The What and Why of Networking

Published: Sep 26, 2006

By Ian Morrison

Many people have a negative view of networking. First of all, many people find it intimidating. Having to network may be intimidating for the simple fact that not everyone is an extrovert, who thrives in social settings and is adept at the fine art of the schmooze. Or, people may feel intimidated when they are the outsider in an otherwise close-knit group. This is most often the case when making new contacts or entering a new job, but even within one's current work environment, there are likely to be sub-groups or cliques to which one does not belong. Then there's the embarrassment factor – no one wants to be seen as the type of person who constantly wants something, seems to have a hidden agenda, or is begging for a job. And, finally, it's the image that it's a purely (or impurely?) self-serving practice.

Despite the bad press, networking is simply the process of meeting people and making contacts, which allow one to build mutually beneficial relationships and share information. Networking can be carried out at the place of employment, at work-related functions, and in social situations connected to or away from work.

Why is networking useful?

1. It expands your chances for advancement at your current place of employment

In a perfect world, opportunities would be given, without exception, to the most suitable candidate. In reality, this is not always the case.

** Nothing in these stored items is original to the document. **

(* Let $K$ be a commutative unital ring, $G$ a finite groupoid, and $A=\bigoplus_{g\in G}A_g$ a unital $G$-graded $K$-algebra. Let $B=A\#KG^*$. For $g\in G$ put $$E_g=\bigoplus_{l,k\in G,\ d(k)=r(g)}A_l\#v_k\subseteq B,$$ and define $\beta_g:E_{g^{-1}}\to E_g$ by $\beta_g(a_l\#v_k)=a_l\#v_{kg^{-1}}$ for $a_l\in A_l$. Then $\beta=(\{E_g\}_{g\in G},\{\beta_g\}_{g\in G})$ is an action of $G$ on $B$, and $B=\bigoplus_{e\in G_0}E_e$.
   Context: A groupoid is a small category in which every morphism is invertible; we regard it as the set $G$ of its morphisms with the partial multiplication given by composition. For $g\in G$, $d(g)=g^{-1}g$ and $r(g)=gg^{-1}$ are its domain and range identities. The product $gh$ is defined iff $d(g)=r(h)$, and then $d(gh)=d(h)$, $r(gh)=r(g)$. $G^2=\{(g,h): d(g)=r(h)\}$, and $G_0$ is the set of identities. An action of $G$ on a ring $R$ is a pair $\beta=(\{E_g\}_{g\in G},\{\beta_g\}_{g\in G})$ such that: - each $E_g$ is an ideal of $R$ with $E_g=E_{r(g)}$; - each $\beta_g:E_{g^{-1}}\to E_g$ is a ring isomorphism; - $\beta_e=\mathrm{id}_{E_e}$ for $e\in G_0$; - $\beta_g\beta_h(x)=\beta_{gh}(x)$ for all $(g,h)\in G^2$ and $x\in E_{h^{-1}}$. A $G$-graded $K$-algebra is $A=\bigoplus_{g\in G}A_g$ (a direct sum of $K$-submodules) with $A_gA_h\subseteq A_{gh}$ if $(g,h)\in G^2$ and $A_gA_h=0$ otherwise. $KG^*$ is the free $K$-module with basis $\{v_g\}_{g\in G}$ and multiplication $v_gv_h=\delta_{g,h}v_g$, with identity $\sum_g v_g$. It acts on $A$ by $v_h\cdot a=a_h$, the $h$-component of $a$. The weak smash product $A\#KG^*$ is $A\otimes_K KG^*$, with $a\#v_g:=a\otimes v_g$. Its multiplication is $(a\#v_g)(b\#v_h)=a(v_{gh^{-1}}\cdot b)\#v_h$ if $d(g)=d(h)$, and $0$ otherwise. *)

theory Defs
  imports Main
begin

text \<open>A groupoid is given by its set G of morphisms, a multiplication pr
(only meaningful on composable pairs) and an inversion iv.
d g = g^-1 g, r g = g g^-1, and (g,h) is composable iff d g = r h.\<close>

definition gdom :: "('g \<Rightarrow> 'g \<Rightarrow> 'g) \<Rightarrow> ('g \<Rightarrow> 'g) \<Rightarrow> 'g \<Rightarrow> 'g" where
  "gdom pr iv g = pr (iv g) g"

definition gran :: "('g \<Rightarrow> 'g \<Rightarrow> 'g) \<Rightarrow> ('g \<Rightarrow> 'g) \<Rightarrow> 'g \<Rightarrow> 'g" where
  "gran pr iv g = pr g (iv g)"

definition groupoid :: "'g set \<Rightarrow> ('g \<Rightarrow> 'g \<Rightarrow> 'g) \<Rightarrow> ('g \<Rightarrow> 'g) \<Rightarrow> bool" where
  "groupoid G pr iv \<longleftrightarrow>
     (\<forall>g\<in>G. iv g \<in> G \<and> iv (iv g) = g) \<and>
     (\<forall>g\<in>G. \<forall>h\<in>G. gdom pr iv g = gran pr iv h \<longrightarrow>
        pr g h \<in> G \<and> gdom pr iv (pr g h) = gdom pr iv h \<and> gran pr iv (pr g h) = gran pr iv g) \<and>
     (\<forall>g\<in>G. \<forall>h\<in>G. \<forall>l\<in>G. gdom pr iv g = gran pr iv h \<and> gdom pr iv h = gran pr iv l \<longrightarrow>
        pr (pr g h) l = pr g (pr h l)) \<and>
     (\<forall>g\<in>G. pr (gran pr iv g) g = g \<and> pr g (gdom pr iv g) = g)"

definition gidents :: "'g set \<Rightarrow> ('g \<Rightarrow> 'g \<Rightarrow> 'g) \<Rightarrow> ('g \<Rightarrow> 'g) \<Rightarrow> 'g set" where
  "gidents G pr iv = gdom pr iv ` G"

definition k_algebra :: "('k::comm_ring_1 \<Rightarrow> 'a::ring_1 \<Rightarrow> 'a) \<Rightarrow> bool" where
  "k_algebra sm \<longleftrightarrow>
     (\<forall>k a b. sm k (a + b) = sm k a + sm k b) \<and>
     (\<forall>k l a. sm (k + l) a = sm k a + sm l a) \<and>
     (\<forall>k l a. sm (k * l) a = sm k (sm l a)) \<and>
     (\<forall>a. sm 1 a = a) \<and>
     (\<forall>k a b. sm k (a * b) = sm k a * b \<and> sm k (a * b) = a * sm k b)"

definition k_submodule :: "('k \<Rightarrow> 'a::ring_1 \<Rightarrow> 'a) \<Rightarrow> 'a set \<Rightarrow> bool" where
  "k_submodule sm M \<longleftrightarrow> 0 \<in> M \<and> (\<forall>a\<in>M. \<forall>b\<in>M. a + b \<in> M) \<and> (\<forall>k. \<forall>a\<in>M. sm k a \<in> M)"

definition graded_decomp :: "'g set \<Rightarrow> ('g \<Rightarrow> 'a::ring_1 set) \<Rightarrow> 'a \<Rightarrow> ('g \<Rightarrow> 'a) \<Rightarrow> bool" where
  "graded_decomp G Ag a f \<longleftrightarrow> (\<forall>g\<in>G. f g \<in> Ag g) \<and> (\<forall>g. g \<notin> G \<longrightarrow> f g = 0) \<and> a = (\<Sum>g\<in>G. f g)"

definition graded_algebra ::
  "'g set \<Rightarrow> ('g \<Rightarrow> 'g \<Rightarrow> 'g) \<Rightarrow> ('g \<Rightarrow> 'g) \<Rightarrow> ('k::comm_ring_1 \<Rightarrow> 'a::ring_1 \<Rightarrow> 'a) \<Rightarrow> ('g \<Rightarrow> 'a set) \<Rightarrow> bool" where
  "graded_algebra G pr iv sm Ag \<longleftrightarrow>
     k_algebra sm \<and>
     (\<forall>g\<in>G. k_submodule sm (Ag g)) \<and>
     (\<forall>a. \<exists>!f. graded_decomp G Ag a f) \<and>
     (\<forall>g\<in>G. \<forall>h\<in>G. \<forall>a\<in>Ag g. \<forall>b\<in>Ag h.
        (gdom pr iv g = gran pr iv h \<longrightarrow> a * b \<in> Ag (pr g h)) \<and>
        (gdom pr iv g \<noteq> gran pr iv h \<longrightarrow> a * b = 0))"

text \<open>The h-component a_h of a, i.e. v_h \<cdot> a.\<close>
definition gcomp :: "'g set \<Rightarrow> ('g \<Rightarrow> 'a::ring_1 set) \<Rightarrow> 'a \<Rightarrow> 'g \<Rightarrow> 'a" where
  "gcomp G Ag a h = (THE f. graded_decomp G Ag a f) h"

text \<open>Since KG^* is free over K with basis (v_g)_(g in G), A \<otimes>_K KG^* is identified with
the functions G \<rightarrow> A (zero outside G); the element x corresponds to \<Sum>_k x(k) # v_k.\<close>

definition smash_carrier :: "'g set \<Rightarrow> ('g \<Rightarrow> 'a::ring_1) set" where
  "smash_carrier G = {x. \<forall>k. k \<notin> G \<longrightarrow> x k = 0}"

definition smash_elem :: "'a::ring_1 \<Rightarrow> 'g \<Rightarrow> ('g \<Rightarrow> 'a)" where
  "smash_elem a g = (\<lambda>k. if k = g then a else 0)"

definition smash_zero :: "'g \<Rightarrow> 'a::ring_1" where
  "smash_zero = (\<lambda>k. 0)"

definition smash_add :: "('g \<Rightarrow> 'a::ring_1) \<Rightarrow> ('g \<Rightarrow> 'a) \<Rightarrow> ('g \<Rightarrow> 'a)" where
  "smash_add x y = (\<lambda>k. x k + y k)"

definition smash_neg :: "('g \<Rightarrow> 'a::ring_1) \<Rightarrow> ('g \<Rightarrow> 'a)" where
  "smash_neg x = (\<lambda>k. - x k)"

text \<open>Bilinear extension of (a # v_g)(b # v_h) = a (v_(gh^-1) \<cdot> b) # v_h if d g = d h, and 0 otherwise.\<close>
definition smash_mult ::
  "'g set \<Rightarrow> ('g \<Rightarrow> 'g \<Rightarrow> 'g) \<Rightarrow> ('g \<Rightarrow> 'g) \<Rightarrow> ('g \<Rightarrow> 'a::ring_1 set) \<Rightarrow>
   ('g \<Rightarrow> 'a) \<Rightarrow> ('g \<Rightarrow> 'a) \<Rightarrow> ('g \<Rightarrow> 'a)" where
  "smash_mult G pr iv Ag x y =
     (\<lambda>m. \<Sum>g\<in>G. \<Sum>h\<in>G. if gdom pr iv g = gdom pr iv h
        then smash_elem (x g * gcomp G Ag (y h) (pr g (iv h))) h m else 0)"

definition smash_ideal :: "'g set \<Rightarrow> (('g \<Rightarrow> 'a::ring_1) \<Rightarrow> ('g \<Rightarrow> 'a) \<Rightarrow> ('g \<Rightarrow> 'a)) \<Rightarrow> ('g \<Rightarrow> 'a) set \<Rightarrow> bool" where
  "smash_ideal G mul I \<longleftrightarrow>
     I \<subseteq> smash_carrier G \<and> smash_zero \<in> I \<and>
     (\<forall>x\<in>I. \<forall>y\<in>I. smash_add x y \<in> I) \<and> (\<forall>x\<in>I. smash_neg x \<in> I) \<and>
     (\<forall>b\<in>smash_carrier G. \<forall>x\<in>I. mul b x \<in> I \<and> mul x b \<in> I)"

definition smash_ring_iso ::
  "(('g \<Rightarrow> 'a::ring_1) \<Rightarrow> ('g \<Rightarrow> 'a) \<Rightarrow> ('g \<Rightarrow> 'a)) \<Rightarrow> (('g \<Rightarrow> 'a) \<Rightarrow> ('g \<Rightarrow> 'a)) \<Rightarrow>
   ('g \<Rightarrow> 'a) set \<Rightarrow> ('g \<Rightarrow> 'a) set \<Rightarrow> bool" where
  "smash_ring_iso mul f I J \<longleftrightarrow>
     bij_betw f I J \<and>
     (\<forall>x\<in>I. \<forall>y\<in>I. f (smash_add x y) = smash_add (f x) (f y) \<and> f (mul x y) = mul (f x) (f y))"

definition groupoid_action ::
  "'g set \<Rightarrow> ('g \<Rightarrow> 'g \<Rightarrow> 'g) \<Rightarrow> ('g \<Rightarrow> 'g) \<Rightarrow> (('g \<Rightarrow> 'a::ring_1) \<Rightarrow> ('g \<Rightarrow> 'a) \<Rightarrow> ('g \<Rightarrow> 'a)) \<Rightarrow>
   ('g \<Rightarrow> ('g \<Rightarrow> 'a) set) \<Rightarrow> ('g \<Rightarrow> ('g \<Rightarrow> 'a) \<Rightarrow> ('g \<Rightarrow> 'a)) \<Rightarrow> bool" where
  "groupoid_action G pr iv mul E \<beta> \<longleftrightarrow>
     (\<forall>g\<in>G. smash_ideal G mul (E g) \<and> E g = E (gran pr iv g)) \<and>
     (\<forall>g\<in>G. smash_ring_iso mul (\<beta> g) (E (iv g)) (E g)) \<and>
     (\<forall>e\<in>gidents G pr iv. \<forall>x\<in>E e. \<beta> e x = x) \<and>
     (\<forall>g\<in>G. \<forall>h\<in>G. gdom pr iv g = gran pr iv h \<longrightarrow>
        (\<forall>x\<in>E (iv h). \<beta> g (\<beta> h x) = \<beta> (pr g h) x))"

definition smash_E :: "'g set \<Rightarrow> ('g \<Rightarrow> 'g \<Rightarrow> 'g) \<Rightarrow> ('g \<Rightarrow> 'g) \<Rightarrow> 'g \<Rightarrow> ('g \<Rightarrow> 'a::ring_1) set" where
  "smash_E G pr iv g = {x \<in> smash_carrier G. \<forall>k\<in>G. gdom pr iv k \<noteq> gran pr iv g \<longrightarrow> x k = 0}"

Performance is often subjectively judged and promotions and other rewards are often given for political reasons – including "visibility." What is visibility? Things like: Who has sat on more committees? Who has done the most in-services for colleagues? Who has helped the nurse manager the most? And being seen also means that, to gain a competitive advantage, you should make an effort to attend office parties and make alliances with coworkers and supervisors. (Attending the office Christmas Party is not only fun, but to your career advantage.)

2. It expands your chances for advancement in your career outside of your current place of employment

Similar to the first option, someone who participates in committees, chats up people at parties (who, it turns out knows someone who is looking for someone to fill a job that's just up your alley), and so on, often is the one who has a competitive advantage.

3. It helps keep you current and/or expands your horizons

Even if you aren't looking to move on or move up in the world, networking is a way to meet new people for social and professional purposes. The people you meet could be the ones who know about social groups for individuals and maintaining networks now will also help you if, 10 years down the road, you do decide that you do want to move on or move up in your career.

4. Helping you to help others, which in turn can help you with points 1, 2, and 3

Being willing to help others prevents you from being the "networker from hell" that gives networkers a bad name. And it keeps your options open, helping you to fulfill 1, 2, and 3.

It is true that the occasional individual – such as the foremost expert in a particular field– doesn't really have to network. These people tend to be treated well and may even be hunted like exotic birds and/or cultivated like rare orchids. However, since most of us are replaceable, we are well served by networking. Just keep in mind that it is not only a process to be used when looking for a job, it is to be used on an ongoing basis in developing and nurturing relationships and to help others.